An exchange that cannot see what is happening inside its own engine cannot improve it, and cannot diagnose incidents quickly. We treat observability as an engineering deliverable on the same priority tier as correctness. Every order event emits structured telemetry — ingress timestamp, gateway latency, risk-check latency, matching latency, audit-log fsync latency, egress timestamp — and the resulting time series feed dashboards that the engineering team watches in real time. Alerting is configured against percentile breaches, not averages, because averages hide the failure modes that matter for institutional traders.

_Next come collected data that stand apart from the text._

lemma fire_sync_run_exists:
  assumes irr: "irreducible N" and z: "reachable N z" "enables N z m"
    and m: "m \<in> atoms N" "m \<noteq> fin N" "r \<in> outcomes N m"
    and global: "\<And>y F. potential N y < potential N z \<Longrightarrow> reachable N y \<Longrightarrow> enables N y F \<Longrightarrow>
      F \<in> atoms N \<Longrightarrow> F \<noteq> fin N \<Longrightarrow> 1 < card (outcomes N F) \<Longrightarrow> agents N \<subseteq> parties N F"
  shows "\<exists>\<alpha> y F. sync_run N (fire N z m r) \<alpha> y F"
proof -
  note neg = irreducibleD(1)[OF irr] and det = irreducibleD(3)[OF irr]
    and acy = irreducibleD(4)[OF irr]
  have sg: "single_tokens z" using reachable_single_tokens[OF neg det z(1)] .
  have st: "step N z (m, r) (fire N z m r)" using z(2) m by simp
  then have reach: "reachable N (fire N z m r)"
    using reachable_run[OF z(1), of "[(m, r)]"] by auto
  obtain c where c: "c \<in> parties N m" using negotiation_atomD(1)[OF neg m(1)] by blast
  then have "fire N z m r c \<noteq> {}"
    using succ_empty_iff[OF neg, of m c r] m by (simp add: fire_def)
  then show ?thesis
  proof (rule sync_run_exists[OF irr reach])
    fix \<alpha> y F
    assume run: "run N (fire N z m r) \<alpha> y"
    have "potential N y \<le> potential N (fire N z m r)"
      using potential_run_le[OF neg det acy run] single_tokens_fire[OF neg det m(1,3) sg] .
    also have "\<dots> < potential N z" using potential_step_less[OF neg acy st sg] .
    finally show "F \<in> atoms N \<Longrightarrow> enables N y F \<Longrightarrow> F \<noteq> fin N \<Longrightarrow> 1 < card (outcomes N F) \<Longrightarrow>
      agents N \<subseteq> parties N F"
      using global reachable_run[OF reach run] by blast
  qed
qed

lemma enabled_branching_atom_global:
  assumes irr: "irreducible N"
  shows "reachable N z \<Longrightarrow> enables N z m \<Longrightarrow> m \<in> atoms N \<Longrightarrow> m \<noteq> fin N \<Longrightarrow>
    1 < card (outcomes N m) \<Longrightarrow> agents N \<subseteq> parties N m"
proof (induction "potential N z" arbitrary: z m rule: less_induct)
  case less
  show ?case
  proof (rule ccontr)
    assume "\<not> agents N \<subseteq> parties N m"
    then obtain b where b: "b \<in> agents N" "b \<notin> parties N m" by blast
    obtain r1 r2 where r: "r1 \<in> outcomes N m" "r2 \<in> outcomes N m" "r1 \<noteq> r2"
      using less.prems(5) irreducibleD(1)[OF irr] less.prems(3)
        card_le_Suc0_iff_eq[OF negotiation_atomD(3)] by force
    have "\<exists>\<alpha> y F. sync_run N (fire N z m r) \<alpha> y F" if "r \<in> outcomes N m" for r
      by (rule fire_sync_run_exists[OF irr less.prems(1-4) that]) (rule less.hyps)
    then obtain \<alpha>1 y1 F1 \<alpha>2 y2 F2 where "sync_run N (fire N z m r1) \<alpha>1 y1 F1"
      "sync_run N (fire N z m r2) \<alpha>2 y2 F2"
      using r by meson
    then have "\<forall>a \<in> parties N m. succ N m a r1 = succ N m a r2"
      using branches_agree[OF irr less.prems(3,4,2) _ r(1,2) b]
        reachable_single_tokens[OF irreducibleD(1,3)[OF irr] less.prems(1)] by blast
    then have "merge_guard N" unfolding merge_guard_def using less.prems(3) r by blast
    with irreducibleD(5)[OF irr] show False ..
  qed
qed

We also publish a subset of these metrics externally, in a status page that exposes per-market median latency and uptime over rolling windows. Doing this publicly is uncomfortable in the way that publishing any production number is uncomfortable: it commits us to a standard. We accept that commitment because the alternative — a venue that refuses to publish operational metrics — is a venue that asks its clients to take performance on faith. Institutional clients do not take performance on faith. They take it on telemetry.

What is next

We are not done. The next generation of the engine is moving toward sub-millisecond median latency through a kernel-bypass networking path on the colocation pods, and toward stronger formal verification of the matching rules. We are also extending the engine's capability surface around derivatives — funding rate calculation moving inside the engine rather than in an adjacent service, cross-margin computation evaluated atomically with order acceptance, and a mark-price oracle architecture that derives a single venue-internal mark from multiple independent feeds. None of these changes will alter what TX24 is — a regulated, institutional venue with a bias toward boring engineering. They will change how much headroom we have when the next stress event arrives, and on this venue, the next stress event is always the one we are preparing for.